[Stored items]

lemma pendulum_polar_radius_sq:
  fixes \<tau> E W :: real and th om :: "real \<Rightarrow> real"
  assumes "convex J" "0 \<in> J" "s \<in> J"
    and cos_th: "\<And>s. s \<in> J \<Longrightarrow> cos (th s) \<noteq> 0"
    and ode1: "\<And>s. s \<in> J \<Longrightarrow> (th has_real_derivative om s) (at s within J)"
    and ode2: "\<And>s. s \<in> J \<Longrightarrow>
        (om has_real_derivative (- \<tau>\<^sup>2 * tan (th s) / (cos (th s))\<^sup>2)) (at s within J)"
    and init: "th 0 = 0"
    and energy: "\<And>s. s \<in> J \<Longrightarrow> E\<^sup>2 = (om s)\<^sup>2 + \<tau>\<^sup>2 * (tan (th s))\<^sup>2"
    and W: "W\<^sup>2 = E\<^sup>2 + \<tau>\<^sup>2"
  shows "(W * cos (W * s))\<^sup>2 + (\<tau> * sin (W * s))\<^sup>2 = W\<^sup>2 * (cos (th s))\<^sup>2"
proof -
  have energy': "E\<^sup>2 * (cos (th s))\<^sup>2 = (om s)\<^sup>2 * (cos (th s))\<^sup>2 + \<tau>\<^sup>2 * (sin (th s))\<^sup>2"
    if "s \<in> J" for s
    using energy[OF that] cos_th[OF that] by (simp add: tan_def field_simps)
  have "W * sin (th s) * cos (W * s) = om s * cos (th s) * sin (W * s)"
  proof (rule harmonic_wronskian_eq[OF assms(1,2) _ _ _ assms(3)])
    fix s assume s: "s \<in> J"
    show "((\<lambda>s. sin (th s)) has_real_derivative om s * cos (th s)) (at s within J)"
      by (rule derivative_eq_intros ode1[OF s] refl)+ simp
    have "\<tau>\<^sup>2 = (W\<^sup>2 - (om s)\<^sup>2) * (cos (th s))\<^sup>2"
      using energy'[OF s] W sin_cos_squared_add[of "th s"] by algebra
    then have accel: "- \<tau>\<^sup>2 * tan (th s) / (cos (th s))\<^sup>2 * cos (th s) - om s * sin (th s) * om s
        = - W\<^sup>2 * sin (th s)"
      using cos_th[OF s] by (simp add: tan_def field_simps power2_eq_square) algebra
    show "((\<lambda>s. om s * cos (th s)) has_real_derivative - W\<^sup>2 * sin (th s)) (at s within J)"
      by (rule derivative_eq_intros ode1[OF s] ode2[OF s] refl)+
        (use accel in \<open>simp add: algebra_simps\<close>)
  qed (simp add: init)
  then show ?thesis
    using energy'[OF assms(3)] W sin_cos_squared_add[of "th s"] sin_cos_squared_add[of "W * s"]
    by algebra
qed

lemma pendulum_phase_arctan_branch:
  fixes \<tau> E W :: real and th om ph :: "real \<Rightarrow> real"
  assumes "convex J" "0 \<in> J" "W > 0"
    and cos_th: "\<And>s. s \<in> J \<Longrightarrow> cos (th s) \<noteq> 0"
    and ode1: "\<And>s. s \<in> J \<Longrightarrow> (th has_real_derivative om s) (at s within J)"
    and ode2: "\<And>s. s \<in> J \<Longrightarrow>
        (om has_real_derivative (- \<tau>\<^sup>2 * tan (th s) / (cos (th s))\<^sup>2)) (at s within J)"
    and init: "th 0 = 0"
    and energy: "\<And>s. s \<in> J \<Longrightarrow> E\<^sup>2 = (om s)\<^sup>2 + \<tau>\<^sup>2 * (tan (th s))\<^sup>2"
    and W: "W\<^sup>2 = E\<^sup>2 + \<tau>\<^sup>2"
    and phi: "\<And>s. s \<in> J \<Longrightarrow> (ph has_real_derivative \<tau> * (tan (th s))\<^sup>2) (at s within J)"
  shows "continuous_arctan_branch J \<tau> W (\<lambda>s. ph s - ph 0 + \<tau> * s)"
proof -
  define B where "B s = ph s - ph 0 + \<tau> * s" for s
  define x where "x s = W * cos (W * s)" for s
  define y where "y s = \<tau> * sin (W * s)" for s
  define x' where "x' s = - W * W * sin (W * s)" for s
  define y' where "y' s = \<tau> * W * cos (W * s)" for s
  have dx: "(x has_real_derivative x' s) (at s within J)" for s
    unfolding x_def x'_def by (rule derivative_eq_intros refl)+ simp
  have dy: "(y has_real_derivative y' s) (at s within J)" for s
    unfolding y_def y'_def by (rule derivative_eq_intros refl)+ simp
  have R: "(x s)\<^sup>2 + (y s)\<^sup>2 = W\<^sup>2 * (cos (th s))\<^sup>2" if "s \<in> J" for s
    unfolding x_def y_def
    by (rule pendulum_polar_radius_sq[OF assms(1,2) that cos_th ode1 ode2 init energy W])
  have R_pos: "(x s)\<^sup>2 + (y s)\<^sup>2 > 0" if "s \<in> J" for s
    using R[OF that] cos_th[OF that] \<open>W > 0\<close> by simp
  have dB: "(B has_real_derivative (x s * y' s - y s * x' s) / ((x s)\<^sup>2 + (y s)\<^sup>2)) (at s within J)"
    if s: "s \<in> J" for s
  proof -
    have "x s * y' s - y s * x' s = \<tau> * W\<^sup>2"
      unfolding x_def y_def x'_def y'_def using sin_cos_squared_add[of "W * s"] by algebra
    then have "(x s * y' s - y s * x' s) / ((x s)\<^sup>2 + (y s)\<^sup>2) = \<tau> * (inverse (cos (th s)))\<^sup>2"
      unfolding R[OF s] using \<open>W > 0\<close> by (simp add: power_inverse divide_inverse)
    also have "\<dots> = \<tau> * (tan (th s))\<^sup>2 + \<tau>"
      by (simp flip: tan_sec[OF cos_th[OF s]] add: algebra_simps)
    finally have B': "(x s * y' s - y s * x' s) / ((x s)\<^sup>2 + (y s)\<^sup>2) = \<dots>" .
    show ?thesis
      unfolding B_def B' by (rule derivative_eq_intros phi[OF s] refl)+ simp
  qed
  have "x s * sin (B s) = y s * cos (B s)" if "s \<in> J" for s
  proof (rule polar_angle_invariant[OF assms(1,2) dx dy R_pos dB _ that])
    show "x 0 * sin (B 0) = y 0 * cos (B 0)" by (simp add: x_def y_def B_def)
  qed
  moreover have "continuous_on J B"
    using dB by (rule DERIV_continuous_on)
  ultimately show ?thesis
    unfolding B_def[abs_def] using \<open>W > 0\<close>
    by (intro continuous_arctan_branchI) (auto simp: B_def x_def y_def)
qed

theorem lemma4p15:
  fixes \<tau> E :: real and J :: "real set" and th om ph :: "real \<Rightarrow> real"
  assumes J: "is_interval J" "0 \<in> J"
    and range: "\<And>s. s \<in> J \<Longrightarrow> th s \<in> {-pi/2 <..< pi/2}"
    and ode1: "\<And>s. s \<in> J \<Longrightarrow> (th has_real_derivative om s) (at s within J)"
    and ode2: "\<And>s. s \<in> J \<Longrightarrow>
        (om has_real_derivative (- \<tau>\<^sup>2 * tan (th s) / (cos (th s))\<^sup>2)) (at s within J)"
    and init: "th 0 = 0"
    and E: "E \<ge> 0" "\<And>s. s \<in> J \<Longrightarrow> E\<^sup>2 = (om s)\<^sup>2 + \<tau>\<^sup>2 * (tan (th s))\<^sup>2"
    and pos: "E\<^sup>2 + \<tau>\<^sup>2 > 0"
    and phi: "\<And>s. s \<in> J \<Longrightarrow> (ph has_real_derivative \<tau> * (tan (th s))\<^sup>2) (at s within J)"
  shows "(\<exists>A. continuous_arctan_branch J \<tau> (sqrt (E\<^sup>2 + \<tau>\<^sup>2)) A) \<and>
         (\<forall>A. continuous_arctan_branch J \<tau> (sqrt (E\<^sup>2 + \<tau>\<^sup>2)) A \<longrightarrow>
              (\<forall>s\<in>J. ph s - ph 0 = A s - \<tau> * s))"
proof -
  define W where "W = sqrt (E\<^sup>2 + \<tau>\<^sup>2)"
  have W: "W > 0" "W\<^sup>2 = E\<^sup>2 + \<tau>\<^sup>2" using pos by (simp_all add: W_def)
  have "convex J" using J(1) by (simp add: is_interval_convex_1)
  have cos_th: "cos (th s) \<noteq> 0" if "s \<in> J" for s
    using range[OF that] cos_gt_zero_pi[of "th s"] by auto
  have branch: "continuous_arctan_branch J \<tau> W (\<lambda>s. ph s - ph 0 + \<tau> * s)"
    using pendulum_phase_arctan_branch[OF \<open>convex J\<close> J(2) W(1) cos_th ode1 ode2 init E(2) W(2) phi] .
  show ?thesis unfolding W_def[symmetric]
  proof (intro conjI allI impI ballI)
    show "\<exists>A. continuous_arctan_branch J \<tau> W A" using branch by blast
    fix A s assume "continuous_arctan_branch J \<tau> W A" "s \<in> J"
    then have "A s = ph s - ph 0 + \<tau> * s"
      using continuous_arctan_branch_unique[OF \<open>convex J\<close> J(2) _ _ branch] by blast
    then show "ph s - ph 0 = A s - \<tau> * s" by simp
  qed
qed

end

Task brief: The word to find is "assumes". Copy every line of the records that holds it.

Answer space:
  assumes "convex J" "0 \<in> J" "s \<in> J"
  assumes "convex J" "0 \<in> J" "W > 0"
  assumes J: "is_interval J" "0 \<in> J"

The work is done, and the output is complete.